For example, John T. Foster, Jr, an associate professor at the The University of Texas proved this in an excellent rebuttal to a rather aggressive takedown of Python on the Mathworks website (The Mathworks attitude to towards Python has since been toned down, you can find of the original on the Wayback Machine).
Foster used an example comparing the performance of adding one to a million numbers in both Python and MATLAB, with various optimization techniques. The vanilla Python implementation used a for loop to iterate through an array and add one to each element.
The pure Python approach was predictably slow, but with optimizations it outperformed MATLAB. More specifically, he found the fastest Python implementation (NumPy + Numba JIT with parallel execution) outperformed out the fastest MATLAB implementation which used vectorization.
Myth 4: "Python Sacrifices Numerical Accuracy for Speed"
This is perhaps the most surprising misconception I encounter: the idea that Python somehow sacrifices numerical accuracy for speed. This myth probably stems from Python's dynamic typing system, but it's completely unfounded when it comes to scientific computing.

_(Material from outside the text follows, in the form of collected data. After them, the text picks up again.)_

section \<open>The reciprocity law for generating functions\<close>

lemma bern_gf_product_expansion:
  fixes a b :: int and w x y \<alpha> \<beta> :: real
  assumes "a > 0" "b > 0" "\<alpha> \<noteq> 0" "\<beta> \<noteq> 0" "of_int a * \<alpha> + of_int b * \<beta> \<noteq> 0"
  shows "bern_gf (of_int a * w + x) \<alpha> * bern_gf (of_int b * w + y) \<beta>
    = (\<Sum>k\<in>{0..<a}. \<Sum>l\<in>{0..<b}.
        bern_gf ((of_int k + x) / of_int a - (of_int l + y) / of_int b) (of_int a * \<alpha>)
          * bern_gf (w + (of_int l + y) / of_int b) (of_int a * \<alpha> + of_int b * \<beta>)
      - bern_gf ((of_int k + x) / of_int a - (of_int l + y) / of_int b) (- (of_int b * \<beta>))
          * bern_gf (w + (of_int k + x) / of_int a) (of_int a * \<alpha> + of_int b * \<beta>))"
    (is "_ = ?rhs")
proof -
  have "w + (of_int k + x) / of_int a = (of_int a * w + x + of_int k) / of_int a"
    "w + (of_int l + y) / of_int b = (of_int b * w + y + of_int l) / of_int b" for k l
    using assms by (simp_all add: field_simps)
  then have "bern_gf (of_int a * w + x) \<alpha> * bern_gf (of_int b * w + y) \<beta>
      = (\<Sum>k\<in>{0..<a}. bern_gf (w + (of_int k + x) / of_int a) (of_int a * \<alpha>))
        * (\<Sum>l\<in>{0..<b}. bern_gf (w + (of_int l + y) / of_int b) (of_int b * \<beta>))"
    using assms by (simp add: bern_gf_multiplication)
  also have "\<dots> = ?rhs"
    unfolding sum_product using assms
    by (intro sum.cong refl) (simp add: bern_gf_product[of "of_int a * \<alpha>" "of_int b * \<beta>"])
  finally show ?thesis .
qed

lemma bern_gf_reciprocity:
  fixes a b c :: int and x y z \<alpha> \<beta> :: real
  assumes "a > 0" "b > 0" "c > 0" "even c" "\<alpha> \<noteq> 0" "\<beta> \<noteq> 0" "of_int a * \<alpha> + of_int b * \<beta> \<noteq> 0"
  shows "(\<Sum>\<mu>\<in>{0..<c}. fls_const ((-1) powi \<mu>)
            * (bern_gf (of_int a * (of_int \<mu> + z) / of_int c + x) \<alpha>
              * bern_gf (of_int b * (of_int \<mu> + z) / of_int c + y) \<beta>))
    = - (\<Sum>l\<in>{0..<b}. bern_gf (x - of_int a * (of_int l + y) / of_int b) \<alpha>
            * euler_gf (of_int c * (of_int l + y) / of_int b + z)
                ((of_int a * \<alpha> + of_int b * \<beta>) / of_int c))
      + (\<Sum>k\<in>{0..<a}. bern_gf (of_int b * (of_int k + x) / of_int a - y) (- \<beta>)
            * euler_gf (of_int c * (of_int k + x) / of_int a + z)
                ((of_int a * \<alpha> + of_int b * \<beta>) / of_int c))"
proof -
  define K where "K = of_int a * \<alpha> + of_int b * \<beta>"
  define d where "d k l = (of_int k + x) / of_int a - (of_int l + y) / of_int b" for k l :: int
  define sg :: "int \<Rightarrow> real fls" where "sg \<mu> = fls_const ((-1) powi \<mu>)" for \<mu>
  define e where "e r = (\<Sum>\<mu>\<in>{0..<c}. sg \<mu> * bern_gf ((of_int \<mu> + z) / of_int c + r) K)" for r
  have nz: "real_of_int a \<noteq> 0" "real_of_int b \<noteq> 0" "real_of_int c \<noteq> 0"
    using assms by auto
  have alternating: "e r = - euler_gf (of_int c * r + z) (K / of_int c)" for r
  proof -
    have "(of_int \<mu> + z) / of_int c + r = (of_int \<mu> + (of_int c * r + z)) / of_int c" for \<mu>
      using nz by (simp add: field_simps)
    moreover have "K = of_int c * (K / of_int c)" "K / of_int c \<noteq> 0"
      using nz assms(7) by (simp_all add: K_def)
    ultimately show ?thesis
      unfolding e_def sg_def using assms(3,4)
      by (metis (no_types, lifting) euler_gf_alternating sum.cong)
  qed
  have "(\<Sum>\<mu>\<in>{0..<c}. sg \<mu> * (bern_gf (of_int a * (of_int \<mu> + z) / of_int c + x) \<alpha>
          * bern_gf (of_int b * (of_int \<mu> + z) / of_int c + y) \<beta>))
      = (\<Sum>\<mu>\<in>{0..<c}. sg \<mu> * (\<Sum>k\<in>{0..<a}. \<Sum>l\<in>{0..<b}.
          bern_gf (d k l) (of_int a * \<alpha>)
            * bern_gf ((of_int \<mu> + z) / of_int c + (of_int l + y) / of_int b) K
        - bern_gf (d k l) (- (of_int b * \<beta>))
            * bern_gf ((of_int \<mu> + z) / of_int c + (of_int k + x) / of_int a) K))"
    using bern_gf_product_expansion[OF assms(1,2,5-7),
        where w = "(of_int _ + z) / of_int c" and x = x and y = y]
    by (simp add: K_def d_def)
  also have "\<dots> = (\<Sum>k\<in>{0..<a}. \<Sum>l\<in>{0..<b}.
        bern_gf (d k l) (of_int a * \<alpha>) * e ((of_int l + y) / of_int b)
      - bern_gf (d k l) (- (of_int b * \<beta>)) * e ((of_int k + x) / of_int a))"
    unfolding e_def by (simp add: sum_distrib_left sum_subtractf algebra_simps sum.swap[of _ "{0..<c}"])
  also have "\<dots> = - (\<Sum>l\<in>{0..<b}. (\<Sum>k\<in>{0..<a}. bern_gf (d k l) (of_int a * \<alpha>))
          * euler_gf (of_int c * (of_int l + y) / of_int b + z) (K / of_int c))
      + (\<Sum>k\<in>{0..<a}. (\<Sum>l\<in>{0..<b}. bern_gf (d k l) (- (of_int b * \<beta>)))
          * euler_gf (of_int c * (of_int k + x) / of_int a + z) (K / of_int c))"
    by (simp add: alternating sum_subtractf sum_distrib_right sum_negf sum.swap[of _ "{0..<a}"])
  also have "\<dots> = - (\<Sum>l\<in>{0..<b}. bern_gf (x - of_int a * (of_int l + y) / of_int b) \<alpha>
          * euler_gf (of_int c * (of_int l + y) / of_int b + z) (K / of_int c))
      + (\<Sum>k\<in>{0..<a}. bern_gf (of_int b * (of_int k + x) / of_int a - y) (- \<beta>)
          * euler_gf (of_int c * (of_int k + x) / of_int a + z) (K / of_int c))"
    using assms by (simp add: d_def bern_gf_multiplication_left bern_gf_multiplication_right)
  finally show ?thesis
    unfolding sg_def K_def .
qed

definition egf :: "(nat \<Rightarrow> 'a::field_char_0) \<Rightarrow> 'a \<Rightarrow> 'a fps" where
  "egf f k = Abs_fps (\<lambda>n. f n * k ^ n / fact n)"

lemma egf_mult_nth:
  "(egf f A * egf g B) $ n = (\<Sum>i\<le>n. f i * g (n - i) * A ^ i * B ^ (n - i) / (fact i * fact (n - i)))"
  by (simp add: egf_def fps_mult_nth atLeast0AtMost mult_ac)

lemma bernpoly_egf_times: "Abs_fps (\<lambda>n. bernpoly n x / fact n) * (fps_exp 1 - 1) = fps_X * fps_exp x"
proof -
  have "Abs_fps (\<lambda>n. bernpoly n x / fact n) = fps_X * fps_exp x / (fps_exp 1 - 1)"
    by (simp add: bernpoly_def fps_eq_iff)
  moreover have "(fps_exp 1 - 1 :: real fps) $ 1 \<noteq> 0"
    by simp
  then have "fps_exp 1 - 1 \<noteq> (0 :: real fps)" "subdegree (fps_exp 1 - 1 :: real fps) \<le> 1"
    by (metis fps_zero_nth, rule subdegree_leI)
  ultimately show ?thesis
    by (simp add: fps_times_divide_eq)
qed

lemma eulerpoly_egf_times: "Abs_fps (\<lambda>n. eulerpoly n x / fact n) * (fps_exp 1 + 1) = 2 * fps_exp x"
proof -
  have "Abs_fps (\<lambda>n. eulerpoly n x / fact n) = 2 * fps_exp x / (fps_exp 1 + 1)"
    by (simp add: eulerpoly_def fps_eq_iff)
  moreover have "(fps_exp 1 + 1 :: real fps) $ 0 \<noteq> 0"
    by simp
  then have "fps_exp 1 + 1 \<noteq> (0 :: real fps)" "subdegree (fps_exp 1 + 1 :: real fps) = 0"
    by (metis fps_zero_nth, simp add: subdegree_eq_0_iff)
  ultimately show ?thesis
    by (simp add: fps_times_divide_eq)
qed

The reality is that both Python's NumPy and MATLAB use IEEE 754 double-precision floating-point arithmetic by default. The difference in the numerical precision of basic operations between the two platforms is minimal. In fact, Python often provides more flexibility in terms of numerical precision.
What's particularly interesting is that Python's scientific stack often provides more control over numerical precision than vanilla MATLAB. Modules like mpmath and decimal allow for arbitrary-precision arithmetic when needed, something that's not easily available in MATLAB without additional toolboxes such as the MATLAB’s Symbolic Math Toolbox.
FACT: MATLAB beats Python when you need “hard real-time” performance
In the interest of fairness, I want to highlight one area where MATLAB does hold a real edge over Python: Hardware-in-the-Loop (HIL) testing. HIL testing in automotive and aerospace requires hard real-time performance, often under 10 microseconds of jitter. When validating an ECU or flight control system, even tiny delays can cause failures. You need predictable, deterministic behavior. MATLAB and Simulink Real-Time can fulfill this requirement but only when paired with specialized hardware such as Speedgoat. Python, on the other hand, will never be fast enough, no matter how beefy your hardware is.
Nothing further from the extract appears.